2. The power supply apparatus according to claim 1, wherein said controller is configured to: control said first rectifier device and said second rectifier device to allow flow of current through at least one of said first rectifier device and said second rectifier device only during a portion of each half period for said first AC power source; and/or control said third rectifier device and said fourth rectifier device to allow flow of current through at least one of said third rectifier device and said fourth rectifier device only during a portion of each half period for said second AC power source.

3. The power supply apparatus according to claim 2, wherein said controller is configured to: control said first rectifier device to allow flow of current through said first rectifier device only during a portion of each positive half period for said first AC power source, and said second rectifier device to allow flow of current through said second rectifier device only during a portion of each negative half period for said first AC power source; and/or control said third rectifier device to allow flow of current through said third rectifier device only during a portion of each positive half period for said second AC power source, and said fourth rectifier device to allow flow of current through said fourth rectifier device only during a portion of each negative half period for said second AC power source.

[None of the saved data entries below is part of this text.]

section \<open>The Minkowski functional\<close>

definition minkowski_functional :: "'a::real_vector set \<Rightarrow> 'a \<Rightarrow> real" where
  "minkowski_functional W y = Inf {t. 0 < t \<and> inverse t *\<^sub>R y \<in> W}"

lemma minkowski_functional_le:
  assumes "0 < t" "inverse t *\<^sub>R y \<in> W"
  shows "minkowski_functional W y \<le> t"
  unfolding minkowski_functional_def
  by (rule cInf_lower) (use assms in \<open>auto intro: bdd_belowI[of _ 0]\<close>)

lemma minkowski_functional_nonneg:
  assumes "\<exists>t>0. inverse t *\<^sub>R y \<in> W"
  shows "0 \<le> minkowski_functional W y"
  unfolding minkowski_functional_def
  by (rule cInf_greatest) (use assms in auto)

lemma minkowski_functional_less_imp_mem:
  assumes W: "convex W" "0 \<in> W" and y: "\<exists>t>0. inverse t *\<^sub>R y \<in> W"
    and less: "minkowski_functional W y < s"
  shows "inverse s *\<^sub>R y \<in> W"
proof -
  obtain t where t: "0 < t" "inverse t *\<^sub>R y \<in> W" "t < s"
    using cInf_lessD[of "{t. 0 < t \<and> inverse t *\<^sub>R y \<in> W}" s] y less
    unfolding minkowski_functional_def by auto
  have "(t / s) *\<^sub>R (inverse t *\<^sub>R y) + (1 - t / s) *\<^sub>R 0 \<in> W"
    using t W by (intro convexD) auto
  moreover have "(t / s) *\<^sub>R (inverse t *\<^sub>R y) + (1 - t / s) *\<^sub>R 0 = inverse s *\<^sub>R y"
    using t by (simp add: field_simps)
  ultimately show ?thesis
    by metis
qed

lemma minkowski_functional_scaleR_le:
  assumes W: "convex W" "0 \<in> W" and y: "\<exists>t>0. inverse t *\<^sub>R y \<in> W" and "0 < \<sigma>"
  shows "minkowski_functional W (\<sigma> *\<^sub>R y) \<le> \<sigma> * minkowski_functional W y"
proof (rule field_le_epsilon)
  fix e :: real assume "0 < e"
  define s where "s = minkowski_functional W y + e / \<sigma>"
  have "minkowski_functional W y < s" "0 < s"
    using \<open>0 < e\<close> \<open>0 < \<sigma>\<close> minkowski_functional_nonneg[OF y] by (auto simp: s_def add_nonneg_pos)
  moreover have "inverse (\<sigma> * s) *\<^sub>R (\<sigma> *\<^sub>R y) = inverse s *\<^sub>R y"
    using \<open>0 < \<sigma>\<close> \<open>0 < s\<close> by (simp add: field_simps)
  ultimately have "inverse (\<sigma> * s) *\<^sub>R (\<sigma> *\<^sub>R y) \<in> W"
    using minkowski_functional_less_imp_mem[OF W y] by metis
  then have "minkowski_functional W (\<sigma> *\<^sub>R y) \<le> \<sigma> * s"
    using \<open>0 < \<sigma>\<close> \<open>0 < s\<close> by (intro minkowski_functional_le) auto
  then show "minkowski_functional W (\<sigma> *\<^sub>R y) \<le> \<sigma> * minkowski_functional W y + e"
    using \<open>0 < \<sigma>\<close> by (simp add: s_def algebra_simps)
qed

lemma minkowski_functional_add_le:
  assumes W: "convex W" "0 \<in> W"
    and a: "\<exists>t>0. inverse t *\<^sub>R a \<in> W" and b: "\<exists>t>0. inverse t *\<^sub>R b \<in> W"
  shows "minkowski_functional W (a + b) \<le> minkowski_functional W a + minkowski_functional W b"
proof (rule field_le_epsilon)
  fix e :: real assume "0 < e"
  define s where "s = minkowski_functional W a + e / 2"
  define t where "t = minkowski_functional W b + e / 2"
  have s: "0 < s" "inverse s *\<^sub>R a \<in> W" and t: "0 < t" "inverse t *\<^sub>R b \<in> W"
    using \<open>0 < e\<close> minkowski_functional_nonneg[OF a] minkowski_functional_nonneg[OF b]
      minkowski_functional_less_imp_mem[OF W a, of s] minkowski_functional_less_imp_mem[OF W b, of t]
    by (auto simp: s_def t_def)
  have "(s / (s + t)) *\<^sub>R (inverse s *\<^sub>R a) + (t / (s + t)) *\<^sub>R (inverse t *\<^sub>R b) \<in> W"
    using s t W(1) by (intro convexD) (auto simp: add_divide_distrib[symmetric])
  also have "(s / (s + t)) *\<^sub>R (inverse s *\<^sub>R a) + (t / (s + t)) *\<^sub>R (inverse t *\<^sub>R b)
      = inverse (s + t) *\<^sub>R (a + b)"
    using s t by (simp add: scaleR_add_right field_simps)
  finally have "minkowski_functional W (a + b) \<le> s + t"
    using s t by (intro minkowski_functional_le) auto
  then show "minkowski_functional W (a + b) \<le> minkowski_functional W a + minkowski_functional W b + e"
    by (simp add: s_def t_def)
qed

lemma sublinear_on_minkowski_functional:
  assumes W: "convex W" "0 \<in> W" and absorbing: "\<And>y. y \<in> X \<Longrightarrow> \<exists>t>0. inverse t *\<^sub>R y \<in> W"
  shows "sublinear_on X (minkowski_functional W)"
  unfolding sublinear_on_def
proof (intro conjI ballI allI impI)
  show "minkowski_functional W (a + b) \<le> minkowski_functional W a + minkowski_functional W b"
    if "a \<in> X" "b \<in> X" for a b
    using minkowski_functional_add_le[OF W absorbing absorbing] that .
  fix y and \<sigma> :: real assume y: "y \<in> X" and "0 < \<sigma>"
  have "\<exists>t>0. inverse t *\<^sub>R (\<sigma> *\<^sub>R y) \<in> W"
  proof -
    obtain t where "0 < t" "inverse t *\<^sub>R y \<in> W"
      using absorbing[OF y] by blast
    then show ?thesis
      using \<open>0 < \<sigma>\<close> by (intro exI[of _ "\<sigma> * t"]) (simp add: field_simps)
  qed
  from minkowski_functional_scaleR_le[OF W this, of "inverse \<sigma>"]
  have "minkowski_functional W y \<le> inverse \<sigma> * minkowski_functional W (\<sigma> *\<^sub>R y)"
    using \<open>0 < \<sigma>\<close> by simp
  with minkowski_functional_scaleR_le[OF W absorbing[OF y] \<open>0 < \<sigma>\<close>] \<open>0 < \<sigma>\<close>
  show "minkowski_functional W (\<sigma> *\<^sub>R y) = \<sigma> * minkowski_functional W y"
    by (simp add: field_simps)
qed

lemma subspace_line_over_subspace:
  assumes "subspace M"
  shows "subspace {(m + t *\<^sub>R x, t) | m t. m \<in> M}" (is "subspace ?G")
  unfolding subspace_def
proof (intro conjI ballI allI)
  show "0 \<in> ?G"
    using subspace_0[OF assms] by (force simp: zero_prod_def)
  show "z + z' \<in> ?G" if "z \<in> ?G" "z' \<in> ?G" for z z'
    using that subspace_add[OF assms]
    by clarsimp (metis (no_types, lifting) add.assoc add.left_commute scaleR_add_left)
  show "c *\<^sub>R z \<in> ?G" if "z \<in> ?G" for c z
    using that subspace_scale[OF assms] by (force simp: scaleR_add_right)
qed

4. The power supply apparatus according to claim 2, wherein said controller is configured to: control said first rectifier device and said second rectifier device to gradually increase a time during which flow of current through each of said first rectifier device and said second rectifier device is allowed; and/or control said third rectifier device and said fourth rectifier device to gradually increase a time during which flow of current through each of said third rectifier device and said fourth rectifier device is allowed.

5. The power supply apparatus according to claim 1, wherein said controller is configured to: control said first rectifier device and said second rectifier device based on said first voltage; and control said third rectifier device and said fourth rectifier device based on said second voltage.

6. The power supply apparatus according to claim 1, wherein said controller is configured to: determine a measure indicative of a period for said first AC power source based on said first voltage; and determine a measure indicative of a period for said second AC power source based on said second voltage.

7. The power supply apparatus according to claim 1, wherein said controller is configured to: compare said first current with a first reference current; and control, if said first current is larger than said first reference current, said first rectifier device and said second rectifier device to decrease a time during which flow of current through each of said first rectifier device and said second rectifier device is allowed; and/or compare said second current with a second reference current; and control, if said second current is larger than said second reference current, said third rectifier device and said fourth rectifier device to decrease a time during which flow of current through each of said third rectifier device and said fourth rectifier device is allowed.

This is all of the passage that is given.